_Your instructions_:
Working from the records below, repeat exactly the lines starting at the line that contains "using A x b" and ending at the line that contains "using minv_mult_vec_cancel(2)[OF E", inclusive.

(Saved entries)
Content starts

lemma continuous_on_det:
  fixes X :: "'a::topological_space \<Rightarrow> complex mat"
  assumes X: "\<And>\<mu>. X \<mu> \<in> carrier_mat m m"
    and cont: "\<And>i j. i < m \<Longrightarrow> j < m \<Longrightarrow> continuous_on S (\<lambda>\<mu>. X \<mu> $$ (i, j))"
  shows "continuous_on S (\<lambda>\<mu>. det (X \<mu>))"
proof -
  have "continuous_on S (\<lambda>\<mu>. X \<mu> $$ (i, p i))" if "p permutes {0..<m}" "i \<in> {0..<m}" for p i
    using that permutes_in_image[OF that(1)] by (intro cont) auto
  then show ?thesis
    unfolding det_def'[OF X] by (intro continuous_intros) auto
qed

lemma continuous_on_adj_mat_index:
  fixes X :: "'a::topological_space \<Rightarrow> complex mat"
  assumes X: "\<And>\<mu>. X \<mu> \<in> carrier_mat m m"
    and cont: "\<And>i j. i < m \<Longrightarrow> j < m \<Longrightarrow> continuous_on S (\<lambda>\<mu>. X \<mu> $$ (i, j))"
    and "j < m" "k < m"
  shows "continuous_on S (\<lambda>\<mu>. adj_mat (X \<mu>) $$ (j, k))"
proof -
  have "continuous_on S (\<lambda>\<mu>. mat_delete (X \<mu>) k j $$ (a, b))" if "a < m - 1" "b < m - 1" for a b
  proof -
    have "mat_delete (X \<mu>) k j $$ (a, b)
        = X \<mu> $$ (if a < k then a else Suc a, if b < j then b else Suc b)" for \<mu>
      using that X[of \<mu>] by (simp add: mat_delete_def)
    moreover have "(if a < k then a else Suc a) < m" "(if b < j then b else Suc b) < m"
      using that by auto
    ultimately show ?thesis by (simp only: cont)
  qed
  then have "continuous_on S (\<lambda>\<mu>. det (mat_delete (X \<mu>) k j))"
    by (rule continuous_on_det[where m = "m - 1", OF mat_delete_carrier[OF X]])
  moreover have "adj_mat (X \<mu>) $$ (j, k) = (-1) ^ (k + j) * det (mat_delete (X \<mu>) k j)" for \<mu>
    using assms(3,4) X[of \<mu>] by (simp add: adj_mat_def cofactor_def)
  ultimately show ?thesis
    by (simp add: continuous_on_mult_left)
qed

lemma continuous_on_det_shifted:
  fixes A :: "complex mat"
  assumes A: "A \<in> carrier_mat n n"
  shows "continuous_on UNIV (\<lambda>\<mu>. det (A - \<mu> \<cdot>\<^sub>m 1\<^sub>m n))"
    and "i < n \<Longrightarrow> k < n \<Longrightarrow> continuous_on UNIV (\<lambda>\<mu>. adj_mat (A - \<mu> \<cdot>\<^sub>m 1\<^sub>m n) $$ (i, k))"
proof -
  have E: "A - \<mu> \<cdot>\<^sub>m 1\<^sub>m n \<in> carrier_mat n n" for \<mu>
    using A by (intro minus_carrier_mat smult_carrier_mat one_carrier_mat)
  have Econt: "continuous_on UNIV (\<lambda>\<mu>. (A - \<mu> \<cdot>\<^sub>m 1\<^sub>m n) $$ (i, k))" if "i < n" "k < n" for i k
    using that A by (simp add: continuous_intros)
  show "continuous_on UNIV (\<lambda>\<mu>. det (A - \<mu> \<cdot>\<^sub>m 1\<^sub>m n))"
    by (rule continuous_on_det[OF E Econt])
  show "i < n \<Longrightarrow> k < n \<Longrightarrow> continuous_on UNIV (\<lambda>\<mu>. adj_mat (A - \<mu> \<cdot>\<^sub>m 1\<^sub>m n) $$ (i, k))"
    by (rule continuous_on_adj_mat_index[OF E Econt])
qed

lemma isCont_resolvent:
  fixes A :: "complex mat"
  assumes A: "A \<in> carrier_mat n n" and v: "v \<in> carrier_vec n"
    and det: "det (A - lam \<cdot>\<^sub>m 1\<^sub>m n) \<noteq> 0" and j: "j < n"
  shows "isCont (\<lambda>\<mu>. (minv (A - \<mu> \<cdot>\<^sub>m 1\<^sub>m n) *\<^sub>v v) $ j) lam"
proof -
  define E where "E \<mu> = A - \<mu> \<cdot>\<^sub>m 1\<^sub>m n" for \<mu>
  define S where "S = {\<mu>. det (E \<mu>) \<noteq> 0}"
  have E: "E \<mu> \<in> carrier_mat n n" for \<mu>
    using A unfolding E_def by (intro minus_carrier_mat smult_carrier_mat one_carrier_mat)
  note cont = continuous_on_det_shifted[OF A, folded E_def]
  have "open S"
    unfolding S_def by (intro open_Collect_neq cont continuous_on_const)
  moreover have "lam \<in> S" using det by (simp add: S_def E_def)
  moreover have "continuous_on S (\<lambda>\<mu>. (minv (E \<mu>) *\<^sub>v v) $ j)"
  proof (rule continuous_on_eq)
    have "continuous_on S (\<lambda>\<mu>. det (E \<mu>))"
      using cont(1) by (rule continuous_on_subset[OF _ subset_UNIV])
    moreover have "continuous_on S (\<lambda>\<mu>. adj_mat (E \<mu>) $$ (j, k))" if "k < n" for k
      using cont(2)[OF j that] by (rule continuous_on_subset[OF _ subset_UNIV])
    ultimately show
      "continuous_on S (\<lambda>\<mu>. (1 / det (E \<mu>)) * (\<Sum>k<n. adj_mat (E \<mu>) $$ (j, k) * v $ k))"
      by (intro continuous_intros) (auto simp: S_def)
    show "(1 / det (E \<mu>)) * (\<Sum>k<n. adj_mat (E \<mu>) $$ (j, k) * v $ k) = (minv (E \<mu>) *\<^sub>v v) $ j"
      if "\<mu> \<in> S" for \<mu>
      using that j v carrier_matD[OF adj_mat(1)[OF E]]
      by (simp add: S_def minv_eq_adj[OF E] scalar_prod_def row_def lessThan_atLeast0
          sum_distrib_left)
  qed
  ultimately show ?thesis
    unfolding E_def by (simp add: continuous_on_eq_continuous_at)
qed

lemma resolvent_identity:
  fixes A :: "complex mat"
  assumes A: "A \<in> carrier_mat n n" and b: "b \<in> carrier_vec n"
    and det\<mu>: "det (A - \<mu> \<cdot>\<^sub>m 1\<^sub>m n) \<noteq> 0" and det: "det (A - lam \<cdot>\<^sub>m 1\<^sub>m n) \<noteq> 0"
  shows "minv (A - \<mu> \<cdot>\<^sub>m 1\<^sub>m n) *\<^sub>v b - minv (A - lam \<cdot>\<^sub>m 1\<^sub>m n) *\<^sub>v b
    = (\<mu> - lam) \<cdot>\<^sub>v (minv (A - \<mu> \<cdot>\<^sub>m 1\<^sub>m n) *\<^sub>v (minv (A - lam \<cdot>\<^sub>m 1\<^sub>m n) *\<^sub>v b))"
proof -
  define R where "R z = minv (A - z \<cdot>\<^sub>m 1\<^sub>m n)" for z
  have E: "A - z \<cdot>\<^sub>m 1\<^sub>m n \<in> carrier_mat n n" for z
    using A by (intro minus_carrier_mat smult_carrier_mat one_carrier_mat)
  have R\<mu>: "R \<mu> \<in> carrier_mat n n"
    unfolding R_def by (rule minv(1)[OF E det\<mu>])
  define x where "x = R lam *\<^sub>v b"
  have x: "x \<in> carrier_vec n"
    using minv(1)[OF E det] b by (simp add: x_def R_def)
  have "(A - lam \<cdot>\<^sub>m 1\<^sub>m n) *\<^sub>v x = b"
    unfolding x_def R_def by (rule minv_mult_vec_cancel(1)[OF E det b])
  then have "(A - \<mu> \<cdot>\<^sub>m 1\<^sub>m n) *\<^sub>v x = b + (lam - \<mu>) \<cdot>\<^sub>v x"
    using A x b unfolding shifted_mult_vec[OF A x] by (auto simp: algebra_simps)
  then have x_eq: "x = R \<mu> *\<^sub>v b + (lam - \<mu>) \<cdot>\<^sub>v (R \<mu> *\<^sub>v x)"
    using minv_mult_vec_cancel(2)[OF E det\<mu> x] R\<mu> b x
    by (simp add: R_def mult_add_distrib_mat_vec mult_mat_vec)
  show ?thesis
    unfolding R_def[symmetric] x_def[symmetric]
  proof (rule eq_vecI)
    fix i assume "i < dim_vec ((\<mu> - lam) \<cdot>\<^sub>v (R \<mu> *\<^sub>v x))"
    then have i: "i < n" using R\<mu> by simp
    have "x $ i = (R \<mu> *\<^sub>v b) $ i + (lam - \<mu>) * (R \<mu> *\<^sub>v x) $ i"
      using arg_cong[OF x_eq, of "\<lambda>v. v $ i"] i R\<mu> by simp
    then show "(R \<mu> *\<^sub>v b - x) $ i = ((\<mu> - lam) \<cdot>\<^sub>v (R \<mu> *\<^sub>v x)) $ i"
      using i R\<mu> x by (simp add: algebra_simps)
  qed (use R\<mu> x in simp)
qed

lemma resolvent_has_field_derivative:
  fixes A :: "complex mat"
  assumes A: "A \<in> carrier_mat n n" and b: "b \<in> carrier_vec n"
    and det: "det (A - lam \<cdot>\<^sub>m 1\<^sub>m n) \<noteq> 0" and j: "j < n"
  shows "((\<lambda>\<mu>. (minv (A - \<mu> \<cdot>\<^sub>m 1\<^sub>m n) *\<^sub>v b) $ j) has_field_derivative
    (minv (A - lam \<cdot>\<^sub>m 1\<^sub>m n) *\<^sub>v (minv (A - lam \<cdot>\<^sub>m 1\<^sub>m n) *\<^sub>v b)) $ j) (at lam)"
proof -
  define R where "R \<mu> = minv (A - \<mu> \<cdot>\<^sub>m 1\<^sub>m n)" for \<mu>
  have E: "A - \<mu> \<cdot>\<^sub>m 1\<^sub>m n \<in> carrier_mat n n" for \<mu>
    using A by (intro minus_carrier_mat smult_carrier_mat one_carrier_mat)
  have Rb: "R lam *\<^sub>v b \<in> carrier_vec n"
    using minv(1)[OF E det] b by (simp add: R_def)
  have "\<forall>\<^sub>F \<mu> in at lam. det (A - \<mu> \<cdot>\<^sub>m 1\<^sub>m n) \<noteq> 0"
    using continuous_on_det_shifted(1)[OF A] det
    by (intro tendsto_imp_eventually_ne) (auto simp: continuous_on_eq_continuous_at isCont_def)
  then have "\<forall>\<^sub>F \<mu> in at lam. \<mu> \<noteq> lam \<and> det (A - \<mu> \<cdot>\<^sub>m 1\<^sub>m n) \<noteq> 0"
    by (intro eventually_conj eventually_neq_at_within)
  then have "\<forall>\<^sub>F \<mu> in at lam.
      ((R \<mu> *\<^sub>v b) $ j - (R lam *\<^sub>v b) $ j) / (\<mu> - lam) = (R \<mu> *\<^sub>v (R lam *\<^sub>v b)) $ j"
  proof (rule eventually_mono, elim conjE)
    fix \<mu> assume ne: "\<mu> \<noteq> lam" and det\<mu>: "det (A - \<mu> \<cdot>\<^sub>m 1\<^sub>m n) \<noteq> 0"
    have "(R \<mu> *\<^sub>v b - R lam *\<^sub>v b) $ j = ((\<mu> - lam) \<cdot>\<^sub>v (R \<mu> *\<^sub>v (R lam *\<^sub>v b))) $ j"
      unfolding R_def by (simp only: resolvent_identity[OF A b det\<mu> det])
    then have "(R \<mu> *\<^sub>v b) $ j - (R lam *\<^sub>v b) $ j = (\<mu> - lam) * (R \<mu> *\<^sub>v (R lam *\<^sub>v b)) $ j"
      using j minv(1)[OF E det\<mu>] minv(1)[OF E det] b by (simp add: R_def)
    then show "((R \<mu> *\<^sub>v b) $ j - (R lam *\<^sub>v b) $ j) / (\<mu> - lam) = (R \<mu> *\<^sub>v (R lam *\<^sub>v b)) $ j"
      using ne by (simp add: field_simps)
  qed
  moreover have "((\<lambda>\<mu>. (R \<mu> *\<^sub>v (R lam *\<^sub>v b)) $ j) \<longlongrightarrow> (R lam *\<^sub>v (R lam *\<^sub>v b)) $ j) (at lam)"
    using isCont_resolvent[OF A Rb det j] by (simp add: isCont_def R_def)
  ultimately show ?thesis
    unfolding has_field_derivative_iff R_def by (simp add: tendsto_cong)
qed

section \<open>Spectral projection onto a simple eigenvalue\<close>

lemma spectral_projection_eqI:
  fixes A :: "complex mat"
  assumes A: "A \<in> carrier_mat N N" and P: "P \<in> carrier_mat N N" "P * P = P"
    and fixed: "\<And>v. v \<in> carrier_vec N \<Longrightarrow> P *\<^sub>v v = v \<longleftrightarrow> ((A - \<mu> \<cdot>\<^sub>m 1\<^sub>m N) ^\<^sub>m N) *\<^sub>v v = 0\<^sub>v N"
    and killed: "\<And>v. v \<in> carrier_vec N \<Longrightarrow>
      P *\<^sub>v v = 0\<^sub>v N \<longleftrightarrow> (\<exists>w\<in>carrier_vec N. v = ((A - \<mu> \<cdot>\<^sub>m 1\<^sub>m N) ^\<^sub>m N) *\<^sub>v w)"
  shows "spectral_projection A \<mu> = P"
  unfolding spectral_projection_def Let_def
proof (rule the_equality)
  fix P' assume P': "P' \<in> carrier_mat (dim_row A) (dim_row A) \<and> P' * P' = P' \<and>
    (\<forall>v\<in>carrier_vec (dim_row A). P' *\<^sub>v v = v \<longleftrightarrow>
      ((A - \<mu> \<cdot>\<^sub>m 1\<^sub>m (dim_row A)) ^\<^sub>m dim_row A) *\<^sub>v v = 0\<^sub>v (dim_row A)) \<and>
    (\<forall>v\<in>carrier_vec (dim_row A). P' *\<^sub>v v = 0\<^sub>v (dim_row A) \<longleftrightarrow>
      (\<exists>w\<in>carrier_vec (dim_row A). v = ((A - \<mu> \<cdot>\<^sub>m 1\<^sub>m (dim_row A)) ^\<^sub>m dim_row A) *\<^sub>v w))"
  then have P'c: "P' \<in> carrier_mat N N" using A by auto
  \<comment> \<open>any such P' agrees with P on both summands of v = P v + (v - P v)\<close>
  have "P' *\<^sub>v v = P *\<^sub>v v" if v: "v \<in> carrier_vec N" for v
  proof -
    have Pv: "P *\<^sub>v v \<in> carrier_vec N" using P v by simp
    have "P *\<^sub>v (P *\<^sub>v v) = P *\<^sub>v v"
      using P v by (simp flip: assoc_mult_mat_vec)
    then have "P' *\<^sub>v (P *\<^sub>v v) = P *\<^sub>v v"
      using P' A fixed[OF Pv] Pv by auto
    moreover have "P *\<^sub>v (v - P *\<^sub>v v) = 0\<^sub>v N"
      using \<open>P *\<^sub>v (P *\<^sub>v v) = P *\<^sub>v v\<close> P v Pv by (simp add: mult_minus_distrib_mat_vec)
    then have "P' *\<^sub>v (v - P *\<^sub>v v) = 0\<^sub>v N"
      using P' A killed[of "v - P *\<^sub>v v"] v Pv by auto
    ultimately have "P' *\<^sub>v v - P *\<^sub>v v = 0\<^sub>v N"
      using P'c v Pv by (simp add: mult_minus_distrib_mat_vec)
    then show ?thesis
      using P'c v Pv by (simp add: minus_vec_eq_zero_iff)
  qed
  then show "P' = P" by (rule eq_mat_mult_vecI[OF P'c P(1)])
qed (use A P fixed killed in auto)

Content ends
Content starts

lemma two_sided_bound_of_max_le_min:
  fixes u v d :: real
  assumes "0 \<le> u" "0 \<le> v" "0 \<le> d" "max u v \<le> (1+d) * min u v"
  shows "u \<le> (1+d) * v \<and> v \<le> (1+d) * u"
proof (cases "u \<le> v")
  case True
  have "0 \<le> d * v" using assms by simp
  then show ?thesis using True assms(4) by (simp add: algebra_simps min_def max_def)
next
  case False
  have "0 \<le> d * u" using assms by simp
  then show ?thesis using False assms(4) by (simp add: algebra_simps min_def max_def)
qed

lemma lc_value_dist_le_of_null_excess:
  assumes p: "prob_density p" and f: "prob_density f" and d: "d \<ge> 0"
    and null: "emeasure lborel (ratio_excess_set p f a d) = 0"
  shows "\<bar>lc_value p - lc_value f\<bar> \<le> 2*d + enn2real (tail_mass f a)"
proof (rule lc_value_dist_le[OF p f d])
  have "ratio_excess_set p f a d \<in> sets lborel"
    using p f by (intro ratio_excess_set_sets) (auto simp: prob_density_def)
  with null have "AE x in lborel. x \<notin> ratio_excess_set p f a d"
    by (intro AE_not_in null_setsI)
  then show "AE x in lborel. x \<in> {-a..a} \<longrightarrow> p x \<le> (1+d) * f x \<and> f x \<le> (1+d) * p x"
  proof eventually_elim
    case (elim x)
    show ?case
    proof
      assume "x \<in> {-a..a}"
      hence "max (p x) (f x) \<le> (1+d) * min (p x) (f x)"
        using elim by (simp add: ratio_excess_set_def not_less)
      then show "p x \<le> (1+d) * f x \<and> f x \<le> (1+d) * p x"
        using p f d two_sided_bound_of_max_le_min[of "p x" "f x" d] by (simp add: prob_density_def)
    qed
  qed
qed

Content ends
Content starts

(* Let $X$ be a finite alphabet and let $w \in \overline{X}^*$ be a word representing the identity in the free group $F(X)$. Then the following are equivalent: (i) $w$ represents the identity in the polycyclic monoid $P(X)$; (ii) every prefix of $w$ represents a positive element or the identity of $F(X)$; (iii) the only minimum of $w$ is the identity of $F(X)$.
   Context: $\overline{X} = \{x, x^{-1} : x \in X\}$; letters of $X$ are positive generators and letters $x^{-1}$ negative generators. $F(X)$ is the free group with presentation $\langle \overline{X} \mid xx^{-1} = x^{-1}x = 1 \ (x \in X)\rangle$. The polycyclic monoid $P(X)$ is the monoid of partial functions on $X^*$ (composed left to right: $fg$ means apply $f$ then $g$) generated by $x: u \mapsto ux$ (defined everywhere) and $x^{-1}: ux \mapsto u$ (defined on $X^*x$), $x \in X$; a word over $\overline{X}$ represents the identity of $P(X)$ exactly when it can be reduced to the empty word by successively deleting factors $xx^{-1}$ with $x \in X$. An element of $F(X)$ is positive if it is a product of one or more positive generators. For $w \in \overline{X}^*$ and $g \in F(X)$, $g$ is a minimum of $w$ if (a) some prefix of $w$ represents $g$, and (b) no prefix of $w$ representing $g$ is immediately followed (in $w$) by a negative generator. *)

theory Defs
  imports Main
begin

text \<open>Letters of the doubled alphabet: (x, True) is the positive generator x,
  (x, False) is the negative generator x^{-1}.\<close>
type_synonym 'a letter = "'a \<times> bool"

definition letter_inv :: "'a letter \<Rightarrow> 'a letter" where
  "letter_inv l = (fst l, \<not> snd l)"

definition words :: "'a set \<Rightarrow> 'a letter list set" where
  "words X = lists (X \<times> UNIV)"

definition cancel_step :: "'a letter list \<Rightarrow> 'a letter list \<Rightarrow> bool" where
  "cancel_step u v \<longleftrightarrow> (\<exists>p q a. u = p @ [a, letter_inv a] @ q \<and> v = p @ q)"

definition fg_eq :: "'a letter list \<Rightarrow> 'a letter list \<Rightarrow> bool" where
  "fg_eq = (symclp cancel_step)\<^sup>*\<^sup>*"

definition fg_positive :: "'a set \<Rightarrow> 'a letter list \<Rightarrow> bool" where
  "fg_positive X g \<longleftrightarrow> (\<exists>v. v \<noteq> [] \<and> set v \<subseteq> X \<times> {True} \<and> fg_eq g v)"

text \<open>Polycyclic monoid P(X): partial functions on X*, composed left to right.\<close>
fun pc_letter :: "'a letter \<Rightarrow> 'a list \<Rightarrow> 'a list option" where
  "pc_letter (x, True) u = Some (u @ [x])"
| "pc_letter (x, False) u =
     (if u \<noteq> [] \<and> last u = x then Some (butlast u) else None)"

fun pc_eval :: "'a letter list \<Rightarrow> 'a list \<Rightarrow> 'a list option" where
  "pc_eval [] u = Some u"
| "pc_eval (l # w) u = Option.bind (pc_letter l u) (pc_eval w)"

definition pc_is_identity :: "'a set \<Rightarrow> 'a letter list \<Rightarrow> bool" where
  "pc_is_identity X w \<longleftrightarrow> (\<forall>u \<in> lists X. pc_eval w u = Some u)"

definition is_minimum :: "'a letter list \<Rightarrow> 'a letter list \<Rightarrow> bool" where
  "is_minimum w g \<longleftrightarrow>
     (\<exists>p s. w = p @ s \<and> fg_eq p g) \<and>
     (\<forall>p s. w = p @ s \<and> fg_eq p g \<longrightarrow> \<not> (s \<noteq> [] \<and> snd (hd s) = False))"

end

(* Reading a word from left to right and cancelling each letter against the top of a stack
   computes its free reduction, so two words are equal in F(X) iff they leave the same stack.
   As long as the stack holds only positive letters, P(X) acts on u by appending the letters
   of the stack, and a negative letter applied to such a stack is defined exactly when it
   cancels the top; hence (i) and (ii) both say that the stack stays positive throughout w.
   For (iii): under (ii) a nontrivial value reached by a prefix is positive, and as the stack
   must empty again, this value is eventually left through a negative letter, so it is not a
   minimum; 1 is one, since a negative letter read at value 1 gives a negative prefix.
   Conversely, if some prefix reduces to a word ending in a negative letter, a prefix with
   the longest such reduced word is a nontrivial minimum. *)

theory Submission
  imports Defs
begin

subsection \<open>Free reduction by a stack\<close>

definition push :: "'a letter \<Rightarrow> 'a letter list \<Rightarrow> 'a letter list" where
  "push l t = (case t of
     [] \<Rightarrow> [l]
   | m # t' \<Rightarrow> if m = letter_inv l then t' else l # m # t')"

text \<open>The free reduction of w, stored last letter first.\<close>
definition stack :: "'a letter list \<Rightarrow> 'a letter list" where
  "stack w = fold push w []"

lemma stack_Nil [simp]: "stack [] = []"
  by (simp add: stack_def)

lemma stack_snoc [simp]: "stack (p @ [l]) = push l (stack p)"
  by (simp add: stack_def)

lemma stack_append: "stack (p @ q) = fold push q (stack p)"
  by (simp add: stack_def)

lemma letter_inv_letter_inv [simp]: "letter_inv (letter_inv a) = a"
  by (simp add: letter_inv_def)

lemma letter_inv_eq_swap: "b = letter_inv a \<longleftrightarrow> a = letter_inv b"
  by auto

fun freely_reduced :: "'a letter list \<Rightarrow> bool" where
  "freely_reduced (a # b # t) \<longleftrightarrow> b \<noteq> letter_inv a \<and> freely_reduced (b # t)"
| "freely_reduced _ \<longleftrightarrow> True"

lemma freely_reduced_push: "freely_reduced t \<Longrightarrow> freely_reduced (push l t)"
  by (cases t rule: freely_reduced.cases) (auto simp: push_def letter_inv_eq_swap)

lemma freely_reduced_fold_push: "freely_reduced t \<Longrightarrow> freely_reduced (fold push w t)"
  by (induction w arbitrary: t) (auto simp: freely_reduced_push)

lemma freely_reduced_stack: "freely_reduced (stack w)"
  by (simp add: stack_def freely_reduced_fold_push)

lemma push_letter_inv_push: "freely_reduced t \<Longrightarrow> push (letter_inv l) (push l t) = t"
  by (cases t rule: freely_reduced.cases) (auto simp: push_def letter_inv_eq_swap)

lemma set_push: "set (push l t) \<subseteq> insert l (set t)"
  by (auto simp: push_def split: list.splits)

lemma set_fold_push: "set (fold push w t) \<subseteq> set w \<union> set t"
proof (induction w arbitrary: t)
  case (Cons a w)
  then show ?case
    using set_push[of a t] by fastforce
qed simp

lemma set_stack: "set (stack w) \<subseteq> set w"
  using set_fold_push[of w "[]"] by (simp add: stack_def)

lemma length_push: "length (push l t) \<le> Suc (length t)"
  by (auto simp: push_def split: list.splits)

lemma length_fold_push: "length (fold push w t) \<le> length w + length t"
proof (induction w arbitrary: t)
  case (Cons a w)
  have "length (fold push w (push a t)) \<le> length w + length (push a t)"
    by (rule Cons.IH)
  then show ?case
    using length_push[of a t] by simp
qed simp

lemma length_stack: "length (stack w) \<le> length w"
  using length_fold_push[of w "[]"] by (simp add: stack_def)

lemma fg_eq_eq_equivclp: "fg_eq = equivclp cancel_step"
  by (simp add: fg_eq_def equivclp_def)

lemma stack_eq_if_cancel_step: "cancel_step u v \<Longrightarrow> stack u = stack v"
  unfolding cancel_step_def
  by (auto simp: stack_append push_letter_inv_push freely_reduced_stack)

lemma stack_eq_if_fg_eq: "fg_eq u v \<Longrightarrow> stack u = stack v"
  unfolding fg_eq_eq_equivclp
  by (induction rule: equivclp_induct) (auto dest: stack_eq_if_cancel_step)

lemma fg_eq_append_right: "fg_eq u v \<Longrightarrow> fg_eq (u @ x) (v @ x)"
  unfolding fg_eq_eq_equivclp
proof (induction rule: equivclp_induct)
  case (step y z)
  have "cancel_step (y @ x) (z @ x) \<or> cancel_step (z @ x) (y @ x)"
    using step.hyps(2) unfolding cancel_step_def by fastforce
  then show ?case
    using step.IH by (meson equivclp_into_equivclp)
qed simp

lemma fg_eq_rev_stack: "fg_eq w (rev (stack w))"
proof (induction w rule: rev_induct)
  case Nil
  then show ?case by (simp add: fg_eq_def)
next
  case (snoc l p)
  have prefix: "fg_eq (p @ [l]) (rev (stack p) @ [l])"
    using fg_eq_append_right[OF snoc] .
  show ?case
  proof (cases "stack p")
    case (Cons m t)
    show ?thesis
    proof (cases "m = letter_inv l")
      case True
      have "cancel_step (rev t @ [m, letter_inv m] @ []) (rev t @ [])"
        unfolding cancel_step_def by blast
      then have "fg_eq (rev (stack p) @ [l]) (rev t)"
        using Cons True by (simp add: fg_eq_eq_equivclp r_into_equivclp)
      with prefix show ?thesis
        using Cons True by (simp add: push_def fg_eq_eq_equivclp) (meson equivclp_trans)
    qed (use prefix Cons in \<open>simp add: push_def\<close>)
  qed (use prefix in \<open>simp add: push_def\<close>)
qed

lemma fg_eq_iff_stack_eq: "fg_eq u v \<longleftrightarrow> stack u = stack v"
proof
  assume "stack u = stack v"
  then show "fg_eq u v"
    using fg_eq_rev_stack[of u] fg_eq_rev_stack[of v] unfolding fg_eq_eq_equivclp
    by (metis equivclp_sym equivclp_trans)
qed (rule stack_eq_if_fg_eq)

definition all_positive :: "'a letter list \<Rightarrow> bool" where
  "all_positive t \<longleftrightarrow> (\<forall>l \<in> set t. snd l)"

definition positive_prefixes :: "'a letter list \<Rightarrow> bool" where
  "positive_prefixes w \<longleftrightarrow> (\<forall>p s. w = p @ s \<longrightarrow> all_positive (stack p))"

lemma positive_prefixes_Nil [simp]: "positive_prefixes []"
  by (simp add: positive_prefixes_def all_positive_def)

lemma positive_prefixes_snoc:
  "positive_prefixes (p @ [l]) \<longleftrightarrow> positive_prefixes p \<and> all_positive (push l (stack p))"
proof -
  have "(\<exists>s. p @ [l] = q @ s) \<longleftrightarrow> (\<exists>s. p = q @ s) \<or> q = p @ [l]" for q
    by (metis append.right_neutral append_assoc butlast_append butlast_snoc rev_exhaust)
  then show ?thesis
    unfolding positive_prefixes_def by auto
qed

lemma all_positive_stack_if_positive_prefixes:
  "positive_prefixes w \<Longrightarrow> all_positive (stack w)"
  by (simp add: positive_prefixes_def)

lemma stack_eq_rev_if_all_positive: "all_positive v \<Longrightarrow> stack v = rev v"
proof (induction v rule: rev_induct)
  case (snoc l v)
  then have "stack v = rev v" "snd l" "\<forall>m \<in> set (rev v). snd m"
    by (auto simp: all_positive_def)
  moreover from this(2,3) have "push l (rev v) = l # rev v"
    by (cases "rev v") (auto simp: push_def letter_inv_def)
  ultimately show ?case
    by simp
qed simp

Content ends

_Solution for this exercise_:
    using A x b unfolding shifted_mult_vec[OF A x] by (auto simp: algebra_simps)
  then have x_eq: "x = R \<mu> *\<^sub>v b + (lam - \<mu>) \<cdot>\<^sub>v (R \<mu> *\<^sub>v x)"
    using minv_mult_vec_cancel(2)[OF E det\<mu> x] R\<mu> b x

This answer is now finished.